Secret storage and encryption

NOTE: This topic applies to Snorkel Flow 0.91.24 and later.

Snorkel Flow sometimes requires storing client credentials or other secret data. For example, Snorkel Flow might need to store an OIDC client secret or a third-party API key on the platform. Snorkel Flow stores these secrets with the following configuration:

  • Storage: Secrets are stored in the Snorkel Flow Postgres database.
  • Encryption: Snorkel Flow encrypts these secrets before storing them in the Postgres database. Snorkel Flow uses AES-256 encryption with randomized initialization vector (IV) and an encryption key.
  • Key: Snorkel recommends providing a user-created encryption key or relies on a generated key if no user key is present.

Best practice: User-created encryption key

If your installation of Snorkel Flow is running on Kubernetes, create your own encryption key in the project's namespace.

Your Snorkel installation stores this key separately from the Snorkel Postgres database, using the Kubernetes security primitive Secrets object.

The advantage of this approach is that if someone gains access to the database or its backups, they cannot decrypt the stored secrets. Snorkel Flow does not mount keys stored this way into the Kubernetes environment. Instead, Snorkel Flow calls the Kubernetes API for encryption and decryption when needed.

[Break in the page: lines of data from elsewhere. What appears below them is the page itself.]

fun aclosed :: "nat \<Rightarrow> aexp \<Rightarrow> bool" where
  "aclosed k (AVar i) \<longleftrightarrow> i < k"
| "aclosed k (AConst c) \<longleftrightarrow> True"
| "aclosed k (AAdd a b) \<longleftrightarrow> aclosed k a \<and> aclosed k b"
| "aclosed k (AMul a b) \<longleftrightarrow> aclosed k a \<and> aclosed k b"
| "aclosed k (ASub a b) \<longleftrightarrow> aclosed k a \<and> aclosed k b"
| "aclosed k (ASum b e) \<longleftrightarrow> aclosed k b \<and> aclosed (Suc k) e"
| "aclosed k (AProd b e) \<longleftrightarrow> aclosed k b \<and> aclosed (Suc k) e"

fun const_rf :: "nat \<Rightarrow> recf" where
  "const_rf 0 = Comp Zero []"
| "const_rf (Suc c) = Comp Succ [const_rf c]"

lemma computes_const_rf: "computes (const_rf c) k (\<lambda>_. c)"
proof (induction c)
  case (Suc c)
  from computes_Comp1[OF computes_Succ this] show ?case by simp
qed (simp add: computes_zero)

definition env_rf :: "nat \<Rightarrow> recf list" where
  "env_rf k = Proj 0 # map (\<lambda>i. Proj (i + 2)) [0..<k]"

lemma computes_Comp_env_rf:
  assumes "computes e (Suc k) E"
  shows "computes (Comp e (env_rf k)) (Suc (Suc k)) (\<lambda>ys. E (ys ! 0 # drop 2 ys))"
proof -
  let ?Gs = "(\<lambda>ys. ys ! 0) # map (\<lambda>i ys. ys ! (i + 2)) [0..<k]"
  have "computes e (length (env_rf k)) E"
    using assms by (simp add: env_rf_def)
  moreover have "list_all2 (\<lambda>g G. computes g (Suc (Suc k)) G) (env_rf k) ?Gs"
    unfolding env_rf_def by (auto simp: list_all2_conv_all_nth nth_Cons' intro: computes_Proj)
  ultimately have "computes (Comp e (env_rf k)) (Suc (Suc k)) (\<lambda>ys. E (map (\<lambda>G. G ys) ?Gs))"
    by (rule computes_Comp)
  then show ?thesis
  proof (rule computes_cong)
    fix ys :: "nat list"
    assume "length ys = Suc (Suc k)"
    then have "map (\<lambda>i. ys ! (i + 2)) [0..<k] = drop 2 ys"
      by (intro nth_equalityI) (auto simp: add.commute)
    then show "E (map (\<lambda>G. G ys) ?Gs) = E (ys ! 0 # drop 2 ys)"
      by (simp add: comp_def)
  qed
qed

definition iter_rf :: "nat \<Rightarrow> recf \<Rightarrow> recf \<Rightarrow> recf \<Rightarrow> nat \<Rightarrow> recf" where
  "iter_rf z c e b k =
     Comp (Prim (const_rf z) (Comp c [Proj 1, Comp e (env_rf k)])) (b # map Proj [0..<k])"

WARNING: Do not rotate this key after it is set. If you change this value, you risk losing all encrypted data.

The secret looks like this:

apiVersion: v1
data:
root-key: <YOUR_ENCODED_KEY>
kind: Secret
metadata:
name: root-key-secret
namespace: <YOUR_NAME_SPACE>
type: Opaque

These are the key parameters in this Kubernetes .yaml file:

  • root-key: The base64-encoded key.
  • name: Unique name for this secret.
  • namespace: Shared namespace for the Snorkel Flow project.

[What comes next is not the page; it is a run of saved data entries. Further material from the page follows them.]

(* Let $n\geq 2$ and let $t\geq 2$ be even. Then no vertex of $D^*_{n,t}=D_{n,t}\setminus\{1^t\}$ is adjacent to $1^t$ in $S(K_n,t)$.
   Context: For a positive integer $n$ let $[n]=\{1,\dots,n\}$. For positive integers $n,t$, the Sierpiński graph $S(K_n,t)$ is the simple graph with vertex set $[n]^t$ (words $v_1v_2\cdots v_t$ with $v_i\in[n]$), in which $u_1\cdots u_t$ and $v_1\cdots v_t$ are adjacent if and only if there is $s\in[t]$ with $u_j=v_j$ for all $j<s$, $u_s\neq v_s$, and $u_j=v_s$ and $v_j=u_s$ for all $j>s$. Write $a^k$ for the word consisting of $k$ copies of the letter $a$. The sets $D_{n,t}\subseteq[n]^t$ are defined recursively: $D_{n,1}=\{1\}$, $D_{n,2}=\{11,21,\dots,n1\}$. For $t\geq 3$ and $\mathbf v=v_1\cdots v_{t-2}\in D_{n,t-2}$ put $E_1(\mathbf v)=\{v_1\cdots v_{t-2}\alpha\alpha:\alpha\in[n]\}$, $E_2(\mathbf v)=\{v_1\cdots v_{t-3}\alpha\beta v_{t-2}:\alpha,\beta\in[n]\setminus\{v_{t-2}\}\}$, and, if $\mathbf v$ is not a constant word, let $\ell$ be the largest index in $[t-3]$ with $v_\ell\neq v_{\ell+1}$ and put $E_3(\mathbf v)=\{v_1\cdots v_{\ell-1}v_{\ell+1}v_\ell^{\,t-\ell-2}\alpha v_\ell:\alpha\in[n]\setminus\{v_\ell\}\}$. If $t\geq 3$ is odd, $D_{n,t}=E_1(1^{t-2})\cup E_2(1^{t-2})\cup\bigcup_{\mathbf v\in D_{n,t-2}\setminus\{1^{t-2}\}}\big(E_1(\mathbf v)\cup E_2(\mathbf v)\cup E_3(\mathbf v)\big)$. If $t\geq 4$ is even, $D_{n,t}=\{1^{t-2}\alpha1:\alpha\in[n]\}\cup\bigcup_{\mathbf v\in D_{n,t-2}\setminus\{1^{t-2}\}}\big(E_1(\mathbf v)\cup E_2(\mathbf v)\cup E_3(\mathbf v)\big)$. (In this recursion $1^{t-2}\in D_{n,t-2}$ is the only constant word in $D_{n,t-2}$, so $E_3$ is applied only to non-constant words.) *)

theory Defs
  imports Main
begin

(* Words v_1 ... v_t over [n] are represented as lists of length t (0-based indices). *)

definition sierpinski_vertices :: "nat \<Rightarrow> nat \<Rightarrow> nat list set" where
  "sierpinski_vertices n t = {w. length w = t \<and> set w \<subseteq> {1..n}}"

definition sierpinski_adj :: "nat \<Rightarrow> nat \<Rightarrow> nat list \<Rightarrow> nat list \<Rightarrow> bool" where
  "sierpinski_adj n t u v \<longleftrightarrow>
     u \<in> sierpinski_vertices n t \<and> v \<in> sierpinski_vertices n t \<and>
     (\<exists>s<t. (\<forall>j<s. u ! j = v ! j) \<and> u ! s \<noteq> v ! s \<and>
             (\<forall>j. s < j \<and> j < t \<longrightarrow> u ! j = v ! s \<and> v ! j = u ! s))"

definition E1 :: "nat \<Rightarrow> nat list \<Rightarrow> nat list set" where
  "E1 n v = {v @ [a, a] | a. a \<in> {1..n}}"

definition E2 :: "nat \<Rightarrow> nat list \<Rightarrow> nat list set" where
  "E2 n v = {butlast v @ [a, b, last v] | a b. a \<in> {1..n} - {last v} \<and> b \<in> {1..n} - {last v}}"

(* 0-based index i = l - 1 of the largest position l in [t-3] with v_l \<noteq> v_{l+1} *)
definition lastchg :: "nat list \<Rightarrow> nat" where
  "lastchg v = (GREATEST i. i + 1 < length v \<and> v ! i \<noteq> v ! (i + 1))"

(* v_1 ... v_{l-1} v_{l+1} v_l^{t-l-2} alpha v_l, where length v = t - 2 *)
definition E3 :: "nat \<Rightarrow> nat list \<Rightarrow> nat list set" where
  "E3 n v = (let i = lastchg v in
     {take i v @ [v ! (i + 1)] @ replicate (length v - i - 1) (v ! i) @ [a, v ! i]
       | a. a \<in> {1..n} - {v ! i}})"

fun D :: "nat \<Rightarrow> nat \<Rightarrow> nat list set" where
  "D n 0 = {}"
| "D n (Suc 0) = {[1]}"
| "D n (Suc (Suc 0)) = {[a, 1] | a. a \<in> {1..n}}"
| "D n (Suc (Suc (Suc k))) =
     (let t = k + 3; one = replicate (Suc k) (1::nat);
          rest = (\<Union>v \<in> D n (Suc k) - {one}. E1 n v \<union> E2 n v \<union> E3 n v)
      in if odd t then E1 n one \<union> E2 n one \<union> rest
         else {one @ [a, 1] | a. a \<in> {1..n}} \<union> rest)"

end

theory Submission
  imports Defs
begin

text \<open>The only neighbours of \<open>1\<^sup>t\<close> in \<open>S(K\<^sub>n,t)\<close> are the words \<open>1\<^sup>t\<^sup>-\<^sup>1c\<close> with \<open>c \<noteq> 1\<close>.
  By induction along the recursion, no word of \<open>D\<^sub>n\<^sub>,\<^sub>t\<close> of even length has this shape:
  \<open>1\<^sup>t\<^sup>-\<^sup>2\<alpha>1\<close> and the words of \<open>E\<^sub>1\<close> and \<open>E\<^sub>3\<close> end in a letter that already occurs
  before the last position, while a word of \<open>E\<^sub>2(v)\<close> of this shape forces \<open>v\<close> itself to have it.
  Alongside runs the invariant that every word of \<open>D\<^sub>n\<^sub>,\<^sub>t\<close> other than \<open>1\<^sup>t\<close> is non-constant,
  which is what makes \<open>E\<^sub>3\<close> well-behaved.\<close>

definition nonconstant :: "'a list \<Rightarrow> bool" where
  "nonconstant xs \<longleftrightarrow> (\<exists>x\<in>set xs. \<exists>y\<in>set xs. x \<noteq> y)"

definition ones_but_last :: "nat list \<Rightarrow> bool" where
  "ones_but_last w \<longleftrightarrow> (\<exists>c. c \<noteq> 1 \<and> w = replicate (length w - 1) 1 @ [c])"

lemma ones_but_last_iff:
  "ones_but_last w \<longleftrightarrow> w \<noteq> [] \<and> set (butlast w) \<subseteq> {1} \<and> last w \<noteq> 1"
proof
  assume "ones_but_last w"
  then obtain m c where "c \<noteq> 1" "w = replicate m 1 @ [c]"
    unfolding ones_but_last_def by blast
  then show "w \<noteq> [] \<and> set (butlast w) \<subseteq> {1} \<and> last w \<noteq> 1" by auto
next
  assume w: "w \<noteq> [] \<and> set (butlast w) \<subseteq> {1} \<and> last w \<noteq> 1"
  then have "butlast w = replicate (length w - 1) 1"
    by (intro replicate_eqI) auto
  with w show "ones_but_last w"
    unfolding ones_but_last_def by (metis append_butlast_last_id)
qed

lemma nonconstantI: "x \<in> set w \<Longrightarrow> w \<noteq> replicate (length w) x \<Longrightarrow> nonconstant w"
  unfolding nonconstant_def by (metis replicate_eqI)

lemma nonconstant_adjacent_change:
  "nonconstant xs \<Longrightarrow> \<exists>i. Suc i < length xs \<and> xs ! i \<noteq> xs ! Suc i"
proof (induction xs)
  case Nil
  then show ?case by (simp add: nonconstant_def)
next
  case (Cons x xs)
  show ?case
  proof (cases "nonconstant xs")
    case True
    with Cons.IH obtain i where "Suc i < length xs" "xs ! i \<noteq> xs ! Suc i" by blast
    then show ?thesis by (intro exI[of _ "Suc i"]) simp
  next
    case False
    from Cons.prems obtain y where y: "y \<in> set xs" "y \<noteq> x"
      unfolding nonconstant_def by auto
    then have "xs ! 0 = y"
      using False unfolding nonconstant_def by (metis length_pos_if_in_set nth_mem)
    then show ?thesis using y by (intro exI[of _ 0]) auto
  qed
qed

lemma lastchg_change:
  assumes "nonconstant v"
  shows "Suc (lastchg v) < length v" "v ! lastchg v \<noteq> v ! Suc (lastchg v)"
proof -
  let ?change = "\<lambda>i. i + 1 < length v \<and> v ! i \<noteq> v ! (i + 1)"
  obtain i where "?change i"
    using nonconstant_adjacent_change[OF assms] by auto
  moreover have "\<And>j. ?change j \<Longrightarrow> j \<le> length v" by simp
  ultimately have "?change (lastchg v)"
    unfolding lastchg_def by (rule GreatestI_nat)
  then show "Suc (lastchg v) < length v" "v ! lastchg v \<noteq> v ! Suc (lastchg v)" by auto
qed

lemma E1_length: "x \<in> E1 n v \<Longrightarrow> length x = length v + 2"
  by (auto simp: E1_def)

lemma E2_length: "v \<noteq> [] \<Longrightarrow> x \<in> E2 n v \<Longrightarrow> length x = length v + 2"
  by (auto simp: E2_def)

lemma E3_length: "nonconstant v \<Longrightarrow> x \<in> E3 n v \<Longrightarrow> length x = length v + 2"
  using lastchg_change(1)[of v] by (auto simp: E3_def Let_def)

lemma E1_nonconstant: "nonconstant v \<Longrightarrow> x \<in> E1 n v \<Longrightarrow> nonconstant x"
  by (fastforce simp: E1_def nonconstant_def)

lemma E2_nonconstant: "x \<in> E2 n v \<Longrightarrow> nonconstant x"
  by (auto simp: E2_def nonconstant_def)

lemma E3_nonconstant: "nonconstant v \<Longrightarrow> x \<in> E3 n v \<Longrightarrow> nonconstant x"
  using lastchg_change(2)[of v] by (auto simp: E3_def Let_def nonconstant_def)

lemma E1_not_ones_but_last: "x \<in> E1 n v \<Longrightarrow> \<not> ones_but_last x"
  by (auto simp: E1_def ones_but_last_iff butlast_append)

lemma E2_ones_but_last:
  "v \<noteq> [] \<Longrightarrow> x \<in> E2 n v \<Longrightarrow> ones_but_last x \<Longrightarrow> ones_but_last v"
  by (auto simp: E2_def ones_but_last_iff butlast_append)

lemma E3_not_ones_but_last: "nonconstant v \<Longrightarrow> x \<in> E3 n v \<Longrightarrow> \<not> ones_but_last x"
  using lastchg_change(1)[of v] by (auto simp: E3_def Let_def ones_but_last_iff butlast_append)

lemma mem_D_Suc_Suc_SucE:
  assumes "w \<in> D n (Suc (Suc (Suc k)))"
  obtains (even_base) a where "odd k" "a \<in> {1..n}" "w = replicate (Suc k) 1 @ [a, 1]"
  | (odd_base) "even k" "w \<in> E1 n (replicate (Suc k) 1) \<union> E2 n (replicate (Suc k) 1)"
  | (extension) v where "v \<in> D n (Suc k)" "v \<noteq> replicate (Suc k) 1"
      "w \<in> E1 n v \<union> E2 n v \<union> E3 n v"
  using assms by (auto simp: Let_def split: if_splits)

lemma D_nonconstant: "w \<in> D n t \<Longrightarrow> w \<noteq> replicate t 1 \<Longrightarrow> nonconstant w"
proof (induction n t arbitrary: w rule: D.induct)
  case (3 n)
  then show ?case by (auto simp: nonconstant_def numeral_2_eq_2)
next
  case (4 n k)
  from "4.prems"(1) show ?case
  proof (cases rule: mem_D_Suc_Suc_SucE)
    case (even_base a)
    then show ?thesis using "4.prems"(2) by (intro nonconstantI[of 1]) auto
  next
    case odd_base
    then show ?thesis
      using "4.prems"(2) E2_nonconstant by (auto simp: E1_def intro: nonconstantI[of 1])
  next
    case (extension v)
    then show ?thesis
      using "4.IH"[OF refl refl extension(1,2)] E1_nonconstant E2_nonconstant E3_nonconstant
      by blast
  qed
qed auto

lemma length_D: "w \<in> D n t \<Longrightarrow> length w = t"
proof (induction n t arbitrary: w rule: D.induct)
  case (4 n k)
  from "4.prems" show ?case
  proof (cases rule: mem_D_Suc_Suc_SucE)
    case even_base
    then show ?thesis by simp
  next
    case odd_base
    then consider "w \<in> E1 n (replicate (Suc k) 1)" | "w \<in> E2 n (replicate (Suc k) 1)" by blast
    then show ?thesis
      using E1_length E2_length[of "replicate (Suc k) 1"] by cases simp_all
  next
    case (extension v)
    have v: "length v = Suc k" using "4.IH"[OF refl refl extension(1)] .
    then have "v \<noteq> []" by auto
    moreover have "nonconstant v" using D_nonconstant extension(1,2) .
    ultimately have "length w = length v + 2"
      using extension(3) E1_length E2_length E3_length by blast
    with v show ?thesis by simp
  qed
qed auto

lemma D_even_not_ones_but_last: "w \<in> D n t \<Longrightarrow> even t \<Longrightarrow> \<not> ones_but_last w"
proof (induction n t arbitrary: w rule: D.induct)
  case (3 n)
  then show ?case by (auto simp: ones_but_last_iff)
next
  case (4 n k)
  from "4.prems"(1) show ?case
  proof (cases rule: mem_D_Suc_Suc_SucE)
    case (extension v)
    have "\<not> ones_but_last v" using "4.IH"[OF refl refl extension(1)] "4.prems"(2) by simp
    moreover have "v \<noteq> []" using length_D[OF extension(1)] by auto
    moreover have "nonconstant v" using D_nonconstant extension(1,2) .
    ultimately show ?thesis
      using extension(3) E1_not_ones_but_last E2_ones_but_last E3_not_ones_but_last by blast
  qed (use "4.prems"(2) in \<open>auto simp: ones_but_last_iff\<close>)
qed auto

lemma sierpinski_adj_replicate_one:
  assumes "sierpinski_adj n t u (replicate t 1)"
  shows "ones_but_last u"
proof -
  from assms obtain s where "s < t" and lu: "length u = t"
    and prefix: "\<forall>j<s. u ! j = 1" and "u ! s \<noteq> 1"
    and suffix: "\<forall>j. s < j \<and> j < t \<longrightarrow> u ! j = 1 \<and> u ! s = 1"
    unfolding sierpinski_adj_def sierpinski_vertices_def by auto
  have s: "s = t - 1"
    using suffix[rule_format, of "t - 1"] \<open>s < t\<close> \<open>u ! s \<noteq> 1\<close> by fastforce
  have "set (butlast u) \<subseteq> {1}"
    using prefix lu s by (auto simp: in_set_conv_nth nth_butlast)
  moreover have "u \<noteq> []" using lu \<open>s < t\<close> by auto
  moreover have "last u = u ! s" using lu s \<open>u \<noteq> []\<close> by (simp add: last_conv_nth)
  ultimately show ?thesis
    using \<open>u ! s \<noteq> 1\<close> by (simp add: ones_but_last_iff)
qed

theorem mainTheorem9:
  fixes n t :: nat
  assumes "n \<ge> 2" and "t \<ge> 2" and "even t"
      and "u \<in> D n t - {replicate t 1}"
  shows "\<not> sierpinski_adj n t u (replicate t 1)"
  using sierpinski_adj_replicate_one D_even_not_ones_but_last assms(3,4) by blast

end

For added security, use the secret manager and Kubernetes secrets integration provided by your cloud provider:

Default: Generated encryption key

If no user-provided key is available or the installation is not running on Kubernetes, Snorkel Flow generates a default key for each Snorkel Flow installation.

Snorkel Flow generates this key deterministically, using the Snorkel Key Component, which is known only to Snorkel AI, and a Customer Key Component, which Snorkel Flow generates securely for each installation.

However, Snorkel highly recommends that you provide their own encryption key to ensure the keys can be decrypted only with access to the database contents and the secret store.